We all know two-tier policing when we see it. During the Freedom Convoy and years of Covid mandate protests, we watched as small business owners and parents who wanted their kids back in school were treated as second-class citizens, while approved riots and acts of societal defenestration were given the progressive government seal of approval.
In the case of life after October 7th, we can all see that on the outer limits of many Iran-backed and financed pro-Palestine (and/or Hamas) protests, there exists a radical, Islamist, full-blown endorsement of terror and violence that has yet to have *any* book thrown at it.
In London, this has become the norm.
In a city like Toronto, an increasingly concerned community has received a mayor in her skivvies before they’ve seen a single statement or effort in support.
Much like with the Freedom Convoy, we could listen to the millions feeling the squeeze under bureaucratic cowardice and opportunism in the face of daily hate and rising divisions on both sides, but the Starmers of the world, and those who share his lack of compunction, have no interest in that.
Which means the squeeze is still the point. It’s always been the point.
That means more radicalizing of the rabble, giving them 26 months (!) for gesticulating and shouting, while news crews are attacked by military-aged males of a more politically problematic persuasion, and then revelling in the crackdown and expansion of power gained from the problem you, the government, created in the first place.
And therein, continues to lie the point.
It’s no wonder, then, that the riots (and largely hand-waved counter-riots) will be used as a precursor for Labour to come after Elon Musk and X with all they’ve got.
If not for the popularity of #TwoTierKeir and independent sources, the global migrant crisis, brazenly unequal policing, and our collective Western entropy would have gone largely unseen; kept at bay by official state sources and formerly robust intelligence service backdoors into places like Twitter.
And so it should come as no surprise when the Trudeau Liberals, down to their last Hail Marys with limited time left on the clock, use EricCantonaFan32, his racism both real and state-inflamed, all of 3329 miles away, as a precursor to drive their very own Orwellian ‘Online Harms Act’ home.
Smart guy, that Orwell. Right about a lot of things: loathed left-wing authoritarian communism and right-wing fascism.
His Britain didn’t listen.
Will we?
Alexander Brown is a writer, comms director, and part-time politico. Of late, his work has appeared in the Toronto Sun and Western Standard. To receive new posts and support his work, become a free or paid subscriber.
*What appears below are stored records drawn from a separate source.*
lemma weighted_tensor_torsion:
  assumes t: "0 \<le> t"
  shows "weighted_tensor s (exp (- t)) 3 4 (torsion (gt s t))"
  unfolding weighted_tensor_def
proof (intro allI impI)
  fix I :: "nat list"
  assume I: "length I = 3 \<and> set I \<subseteq> {..<Suc s}"
  then obtain a b c where abc: "I = [a, b, c]" by (auto simp: numeral_3_eq_3 length_Suc_conv)
  then have v: "a < Suc s" "b < Suc s" "c < Suc s" using I by auto
  have "monomial s (exp (- t)) (yexp s I) (eexp s I) 2 (del a (\<lambda>w. gt s t w b c))"
    "monomial s (exp (- t)) (yexp s I) (eexp s I) 2 (del b (\<lambda>w. gt s t w a c))"
    by (rule monomial_cong[OF monomial_del_gt[OF t]]; use v in \<open>simp add: abc\<close>)+
  from monomial_diff[OF this]
  show "monomial s (exp (- t)) (yexp s I) (eexp s I) 4 (\<lambda>z. torsion (gt s t) z I)"
    by (rule monomial_cong) (auto simp: abc torsion_def)
qed

lemma weighted_tensor_dbarT:
  assumes T: "weighted_tensor s \<epsilon> 3 C T"
  shows "weighted_tensor s \<epsilon> 4 (6 * C) (dbarT T)"
  unfolding weighted_tensor_def
proof (intro allI impI)
  fix I :: "nat list"
  assume I: "length I = 4 \<and> set I \<subseteq> {..<Suc s}"
  then obtain a b c d where abcd: "I = [a, b, c, d]" by (auto simp: numeral_eq_Suc length_Suc_conv)
  then have v: "a < Suc s" "b < Suc s" "c < Suc s" "d < Suc s" using I by auto
  have "monomial s \<epsilon> (yexp s [a, b, d]) (eexp s [a, b, d]) C (\<lambda>z. T z [a, b, d])"
    by (rule weighted_tensorD[OF T]) (use v in simp_all)
  then have "monomial s \<epsilon> (yexp s I) (eexp s I) (C * 3) (delbar c (\<lambda>w. T w [a, b, d]))"
    by (rule monomial_cong[OF monomial_delbar[OF _ v(3), where B = 3]])
      (use abs_yexp_le[of s "[a, b, d]"] in \<open>simp_all add: abcd ac_simps\<close>)
  moreover have "monomial s \<epsilon> (yexp s [a, b, c]) (eexp s [a, b, c]) C (\<lambda>z. T z [a, b, c])"
    by (rule weighted_tensorD[OF T]) (use v in simp_all)
  then have "monomial s \<epsilon> (yexp s I) (eexp s I) (C * 3) (delbar d (\<lambda>w. T w [a, b, c]))"
    by (rule monomial_cong[OF monomial_delbar[OF _ v(4), where B = 3]])
      (use abs_yexp_le[of s "[a, b, c]"] in \<open>simp_all add: abcd ac_simps\<close>)
  ultimately show "monomial s \<epsilon> (yexp s I) (eexp s I) (6 * C) (\<lambda>z. dbarT T z I)"
    by (rule monomial_cong[OF monomial_diff]) (auto simp: abcd dbarT_def)
qed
Very well written Alex. You tell it like it is, was and very likely will be. I wouldn't put anything by Sock-Boy and Canadians will have to be vigilant leading up to the next Election.
Desperate people, especially hyper-narcissistic ones like Trudeau, will do just about anything not to be humiliated.
And humiliated he, and his Lieberals, will be when Canadians finally get a say in their collective destiny.
Barring a meteorite strike, Poilievre and the Conservatives will demolish both the Lieberals and The Non-Democratic Party.
Expect desperate measures from Trudeau and Singh.
Cheers.
Another well crafted analysis of the current extremely worrisome situation. The founding fathers (oops, gotta be more astute) of both Canada and the United States would be generating heat in their plots, if they were aware of how their respective societies are evolving.